## What the exercise asks
Among the records below, find the lines that hold the word "UNIV" and report how many there are, with no other words.

═══

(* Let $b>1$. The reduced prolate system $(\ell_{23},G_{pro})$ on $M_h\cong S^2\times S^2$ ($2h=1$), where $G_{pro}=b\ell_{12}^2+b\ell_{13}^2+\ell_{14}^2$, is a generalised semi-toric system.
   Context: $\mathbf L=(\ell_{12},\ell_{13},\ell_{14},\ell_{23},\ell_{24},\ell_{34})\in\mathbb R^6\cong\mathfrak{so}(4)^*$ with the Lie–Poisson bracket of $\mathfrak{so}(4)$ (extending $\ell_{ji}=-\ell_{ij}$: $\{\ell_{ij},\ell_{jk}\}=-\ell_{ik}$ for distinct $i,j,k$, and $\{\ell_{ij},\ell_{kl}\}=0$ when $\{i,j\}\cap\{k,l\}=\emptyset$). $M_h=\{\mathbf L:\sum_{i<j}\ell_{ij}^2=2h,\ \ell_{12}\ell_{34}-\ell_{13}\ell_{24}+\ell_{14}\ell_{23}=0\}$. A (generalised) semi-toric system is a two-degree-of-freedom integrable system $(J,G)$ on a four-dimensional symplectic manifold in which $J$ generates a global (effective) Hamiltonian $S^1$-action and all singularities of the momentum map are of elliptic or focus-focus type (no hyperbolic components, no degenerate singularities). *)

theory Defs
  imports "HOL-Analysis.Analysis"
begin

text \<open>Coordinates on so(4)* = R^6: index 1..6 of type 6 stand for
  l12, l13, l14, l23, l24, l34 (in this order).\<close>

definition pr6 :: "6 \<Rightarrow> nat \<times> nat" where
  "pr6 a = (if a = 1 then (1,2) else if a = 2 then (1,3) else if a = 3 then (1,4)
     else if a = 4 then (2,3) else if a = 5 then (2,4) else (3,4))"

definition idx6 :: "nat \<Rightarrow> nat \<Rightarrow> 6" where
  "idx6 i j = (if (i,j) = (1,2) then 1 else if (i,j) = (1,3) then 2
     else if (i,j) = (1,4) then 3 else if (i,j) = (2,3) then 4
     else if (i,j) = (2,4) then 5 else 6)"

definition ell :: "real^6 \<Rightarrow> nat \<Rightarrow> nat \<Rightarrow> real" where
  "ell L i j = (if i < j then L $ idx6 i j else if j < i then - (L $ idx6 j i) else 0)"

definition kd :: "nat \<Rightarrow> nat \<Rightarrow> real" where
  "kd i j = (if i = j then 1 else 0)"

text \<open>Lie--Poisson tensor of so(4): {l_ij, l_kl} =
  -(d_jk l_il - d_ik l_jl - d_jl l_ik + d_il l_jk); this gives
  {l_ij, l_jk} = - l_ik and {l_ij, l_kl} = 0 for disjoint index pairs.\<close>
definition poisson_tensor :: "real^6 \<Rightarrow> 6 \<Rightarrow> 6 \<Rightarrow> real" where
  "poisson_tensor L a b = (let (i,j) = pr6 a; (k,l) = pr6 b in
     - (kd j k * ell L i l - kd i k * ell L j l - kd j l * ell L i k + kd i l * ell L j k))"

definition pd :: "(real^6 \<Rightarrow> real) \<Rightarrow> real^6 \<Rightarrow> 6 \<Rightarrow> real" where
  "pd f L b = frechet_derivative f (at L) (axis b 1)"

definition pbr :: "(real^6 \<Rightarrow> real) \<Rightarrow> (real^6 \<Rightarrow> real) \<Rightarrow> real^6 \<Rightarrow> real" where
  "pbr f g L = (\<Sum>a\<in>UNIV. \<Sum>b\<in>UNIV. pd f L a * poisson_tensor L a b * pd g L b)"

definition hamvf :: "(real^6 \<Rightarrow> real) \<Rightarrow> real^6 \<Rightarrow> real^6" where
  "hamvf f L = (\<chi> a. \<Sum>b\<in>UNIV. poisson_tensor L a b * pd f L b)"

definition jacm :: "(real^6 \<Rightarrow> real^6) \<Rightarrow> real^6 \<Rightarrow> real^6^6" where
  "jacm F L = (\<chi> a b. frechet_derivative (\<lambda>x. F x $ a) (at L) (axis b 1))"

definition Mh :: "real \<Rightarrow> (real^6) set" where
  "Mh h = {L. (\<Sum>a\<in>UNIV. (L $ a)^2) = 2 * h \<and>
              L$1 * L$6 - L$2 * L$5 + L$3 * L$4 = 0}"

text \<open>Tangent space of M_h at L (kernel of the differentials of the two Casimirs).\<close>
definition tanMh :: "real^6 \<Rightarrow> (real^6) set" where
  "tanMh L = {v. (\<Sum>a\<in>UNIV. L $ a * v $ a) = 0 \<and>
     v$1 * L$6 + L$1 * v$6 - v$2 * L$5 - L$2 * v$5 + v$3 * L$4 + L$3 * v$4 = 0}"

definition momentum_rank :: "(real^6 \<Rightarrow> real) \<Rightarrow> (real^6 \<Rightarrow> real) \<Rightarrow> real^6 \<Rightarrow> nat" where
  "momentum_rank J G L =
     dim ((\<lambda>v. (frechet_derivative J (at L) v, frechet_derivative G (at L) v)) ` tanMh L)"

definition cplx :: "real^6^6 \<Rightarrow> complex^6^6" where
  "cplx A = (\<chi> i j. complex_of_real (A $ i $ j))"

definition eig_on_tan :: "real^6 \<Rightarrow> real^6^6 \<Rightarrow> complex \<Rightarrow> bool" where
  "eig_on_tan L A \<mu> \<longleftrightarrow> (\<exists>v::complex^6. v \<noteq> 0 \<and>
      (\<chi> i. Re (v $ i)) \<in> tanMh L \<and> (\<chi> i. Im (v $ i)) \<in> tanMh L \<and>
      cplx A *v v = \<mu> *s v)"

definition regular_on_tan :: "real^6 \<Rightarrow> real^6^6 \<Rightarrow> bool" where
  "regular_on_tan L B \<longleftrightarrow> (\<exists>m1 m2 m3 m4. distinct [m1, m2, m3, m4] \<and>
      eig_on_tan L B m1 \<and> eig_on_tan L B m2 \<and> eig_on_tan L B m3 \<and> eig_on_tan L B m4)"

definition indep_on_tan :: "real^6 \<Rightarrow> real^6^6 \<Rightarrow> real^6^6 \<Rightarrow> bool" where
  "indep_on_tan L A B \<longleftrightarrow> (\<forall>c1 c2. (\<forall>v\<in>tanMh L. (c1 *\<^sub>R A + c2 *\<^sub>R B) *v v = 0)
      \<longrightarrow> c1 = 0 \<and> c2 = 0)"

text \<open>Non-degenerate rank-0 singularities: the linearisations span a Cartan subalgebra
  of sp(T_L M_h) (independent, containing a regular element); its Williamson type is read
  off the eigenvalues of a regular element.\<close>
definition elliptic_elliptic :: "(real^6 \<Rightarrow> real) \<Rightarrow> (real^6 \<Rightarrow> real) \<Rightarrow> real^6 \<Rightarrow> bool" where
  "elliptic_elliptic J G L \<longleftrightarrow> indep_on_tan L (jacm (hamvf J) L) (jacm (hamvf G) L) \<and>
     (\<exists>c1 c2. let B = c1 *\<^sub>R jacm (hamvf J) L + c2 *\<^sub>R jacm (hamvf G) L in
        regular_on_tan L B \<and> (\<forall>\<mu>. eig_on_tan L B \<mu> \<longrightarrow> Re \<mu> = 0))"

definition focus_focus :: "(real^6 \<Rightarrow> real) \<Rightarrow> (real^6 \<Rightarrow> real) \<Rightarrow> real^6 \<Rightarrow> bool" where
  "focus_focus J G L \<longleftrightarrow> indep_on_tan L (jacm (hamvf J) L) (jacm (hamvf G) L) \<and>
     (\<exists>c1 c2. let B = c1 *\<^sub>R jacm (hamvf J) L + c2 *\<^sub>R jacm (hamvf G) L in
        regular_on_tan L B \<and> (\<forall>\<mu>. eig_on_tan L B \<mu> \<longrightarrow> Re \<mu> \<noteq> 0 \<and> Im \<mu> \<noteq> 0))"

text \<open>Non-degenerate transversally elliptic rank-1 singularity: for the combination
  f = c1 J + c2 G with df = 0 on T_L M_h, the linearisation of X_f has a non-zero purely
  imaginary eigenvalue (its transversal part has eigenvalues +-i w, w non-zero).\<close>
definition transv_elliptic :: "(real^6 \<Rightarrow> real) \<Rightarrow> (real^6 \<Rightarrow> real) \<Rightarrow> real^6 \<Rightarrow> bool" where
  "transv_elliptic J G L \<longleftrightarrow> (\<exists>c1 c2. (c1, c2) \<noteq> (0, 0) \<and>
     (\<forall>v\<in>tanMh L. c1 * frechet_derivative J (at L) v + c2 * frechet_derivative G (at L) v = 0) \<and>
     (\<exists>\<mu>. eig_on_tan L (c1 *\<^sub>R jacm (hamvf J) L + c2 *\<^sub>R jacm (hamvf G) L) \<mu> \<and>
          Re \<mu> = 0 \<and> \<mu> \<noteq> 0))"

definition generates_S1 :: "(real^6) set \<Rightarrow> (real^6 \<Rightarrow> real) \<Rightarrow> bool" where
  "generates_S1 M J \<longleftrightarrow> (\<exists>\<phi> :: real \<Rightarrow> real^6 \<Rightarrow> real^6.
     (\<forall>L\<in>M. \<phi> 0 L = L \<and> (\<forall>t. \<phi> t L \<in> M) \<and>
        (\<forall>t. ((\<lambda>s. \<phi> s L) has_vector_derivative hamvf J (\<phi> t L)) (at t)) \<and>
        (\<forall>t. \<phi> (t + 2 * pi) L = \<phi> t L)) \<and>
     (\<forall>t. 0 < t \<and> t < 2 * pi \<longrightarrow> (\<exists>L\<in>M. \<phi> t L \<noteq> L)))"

═══

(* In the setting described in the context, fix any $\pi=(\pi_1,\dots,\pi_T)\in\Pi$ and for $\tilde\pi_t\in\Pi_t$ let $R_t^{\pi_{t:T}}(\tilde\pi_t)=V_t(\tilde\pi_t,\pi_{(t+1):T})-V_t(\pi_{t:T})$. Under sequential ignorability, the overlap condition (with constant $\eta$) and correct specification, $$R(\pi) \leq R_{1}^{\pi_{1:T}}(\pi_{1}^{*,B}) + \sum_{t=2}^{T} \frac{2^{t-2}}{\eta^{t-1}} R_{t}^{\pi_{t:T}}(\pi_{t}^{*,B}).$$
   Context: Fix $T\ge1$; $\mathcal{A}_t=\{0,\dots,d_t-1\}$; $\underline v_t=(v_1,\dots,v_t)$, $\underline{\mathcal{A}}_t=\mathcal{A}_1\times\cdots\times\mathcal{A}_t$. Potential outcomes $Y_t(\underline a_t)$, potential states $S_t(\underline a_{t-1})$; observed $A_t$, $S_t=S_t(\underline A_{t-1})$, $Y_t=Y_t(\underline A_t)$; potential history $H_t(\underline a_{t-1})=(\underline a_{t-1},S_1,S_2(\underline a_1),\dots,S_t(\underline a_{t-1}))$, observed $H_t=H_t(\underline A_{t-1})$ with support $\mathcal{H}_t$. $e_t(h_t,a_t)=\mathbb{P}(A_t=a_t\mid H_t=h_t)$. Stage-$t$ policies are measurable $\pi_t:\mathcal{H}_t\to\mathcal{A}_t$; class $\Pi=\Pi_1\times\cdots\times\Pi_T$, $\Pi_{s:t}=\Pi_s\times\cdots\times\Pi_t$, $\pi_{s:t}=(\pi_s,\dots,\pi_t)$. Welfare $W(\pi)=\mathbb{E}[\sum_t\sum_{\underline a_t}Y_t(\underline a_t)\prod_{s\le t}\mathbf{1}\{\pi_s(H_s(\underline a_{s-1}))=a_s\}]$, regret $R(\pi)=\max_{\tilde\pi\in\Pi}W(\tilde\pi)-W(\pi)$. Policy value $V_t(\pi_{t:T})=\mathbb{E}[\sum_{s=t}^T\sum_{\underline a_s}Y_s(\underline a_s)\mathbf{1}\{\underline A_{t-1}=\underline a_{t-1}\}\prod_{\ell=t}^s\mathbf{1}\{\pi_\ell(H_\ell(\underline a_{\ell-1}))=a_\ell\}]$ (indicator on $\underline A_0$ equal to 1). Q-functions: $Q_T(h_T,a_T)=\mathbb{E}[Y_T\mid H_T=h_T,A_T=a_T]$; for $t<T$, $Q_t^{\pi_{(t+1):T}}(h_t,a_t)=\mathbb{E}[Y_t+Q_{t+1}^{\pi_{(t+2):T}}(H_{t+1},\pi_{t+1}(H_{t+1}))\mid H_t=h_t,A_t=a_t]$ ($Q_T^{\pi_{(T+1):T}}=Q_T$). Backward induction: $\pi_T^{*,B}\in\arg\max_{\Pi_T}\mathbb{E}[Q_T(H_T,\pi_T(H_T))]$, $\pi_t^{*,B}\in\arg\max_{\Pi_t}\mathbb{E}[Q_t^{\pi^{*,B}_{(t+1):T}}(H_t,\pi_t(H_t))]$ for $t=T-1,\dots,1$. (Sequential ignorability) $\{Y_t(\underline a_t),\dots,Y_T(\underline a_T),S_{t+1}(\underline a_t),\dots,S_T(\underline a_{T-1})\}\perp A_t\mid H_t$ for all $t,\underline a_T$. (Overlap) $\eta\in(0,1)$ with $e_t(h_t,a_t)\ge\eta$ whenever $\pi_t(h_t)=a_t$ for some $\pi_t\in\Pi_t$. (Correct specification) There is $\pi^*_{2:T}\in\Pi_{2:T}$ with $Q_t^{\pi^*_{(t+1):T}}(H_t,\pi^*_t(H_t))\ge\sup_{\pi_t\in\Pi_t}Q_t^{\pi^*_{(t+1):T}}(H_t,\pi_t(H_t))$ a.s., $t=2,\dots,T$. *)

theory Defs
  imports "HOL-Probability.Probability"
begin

═══

## Exercise answer
4